(Instructions for the task): The line containing "ultimately show ?thesis" and every line after it, through the last line of the records, are to be transcribed exactly, and nothing else.

** Raw data follows **

lemma is_form_zero: "is_form d (\<lambda>x. 0)"
  unfolding is_form_def by (rule exI[of _ "\<lambda>_. 0"]) simp

lemma is_form_add:
  assumes "is_form d f" "is_form d g"
  shows "is_form d (\<lambda>x. f x + g x)"
proof -
  obtain c e where "\<forall>x. f x = (\<Sum>\<alpha>\<in>exps d. c \<alpha> * (\<Prod>i\<in>UNIV. x $ i ^ \<alpha> i))"
    "\<forall>x. g x = (\<Sum>\<alpha>\<in>exps d. e \<alpha> * (\<Prod>i\<in>UNIV. x $ i ^ \<alpha> i))"
    using assms unfolding is_form_def by blast
  then show ?thesis
    unfolding is_form_def by (intro exI[of _ "\<lambda>\<alpha>. c \<alpha> + e \<alpha>"]) (simp add: sum.distrib distrib_right)
qed

lemma is_form_cmult:
  assumes "is_form d f"
  shows "is_form d (\<lambda>x. a * f x)"
proof -
  obtain c where "\<forall>x. f x = (\<Sum>\<alpha>\<in>exps d. c \<alpha> * (\<Prod>i\<in>UNIV. x $ i ^ \<alpha> i))"
    using assms unfolding is_form_def by blast
  then show ?thesis
    unfolding is_form_def by (intro exI[of _ "\<lambda>\<alpha>. a * c \<alpha>"]) (simp add: sum_distrib_left mult.assoc)
qed

lemma is_form_const: "is_form 0 (\<lambda>x::real^'n::finite. a)"
proof -
  have "(exps 0 :: ('n \<Rightarrow> nat) set) = {\<lambda>_. 0}"
    by (auto simp: exps_def)
  then show ?thesis
    unfolding is_form_def by (intro exI[of _ "\<lambda>_. a"]) simp
qed

lemma is_form_component:
  fixes i :: "'n::finite"
  shows "is_form 1 (\<lambda>x. x $ i)"
proof -
  define \<delta> :: "'n \<Rightarrow> nat" where "\<delta> = (\<lambda>j. if j = i then 1 else 0 :: nat)"
  have "\<delta> \<in> exps 1"
    by (simp add: exps_def \<delta>_def)
  moreover have "(\<Prod>j\<in>UNIV. (x $ j) ^ \<delta> j) = x $ i" for x :: "real^'n"
    by (simp add: \<delta>_def if_distrib[of "\<lambda>e. _ ^ e"] prod.If_cases)
  ultimately show ?thesis
    unfolding is_form_def
    by (intro exI[of _ "\<lambda>\<alpha>. if \<alpha> = \<delta> then 1 else 0"])
      (simp add: if_distrib[of "\<lambda>c. c * _"] finite_exps cong: if_cong)
qed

** End of Raw data **

(Task response):
  ultimately show ?thesis
    unfolding is_form_def
    by (intro exI[of _ "\<lambda>\<alpha>. if \<alpha> = \<delta> then 1 else 0"])
      (simp add: if_distrib[of "\<lambda>c. c * _"] finite_exps cong: if_cong)
qed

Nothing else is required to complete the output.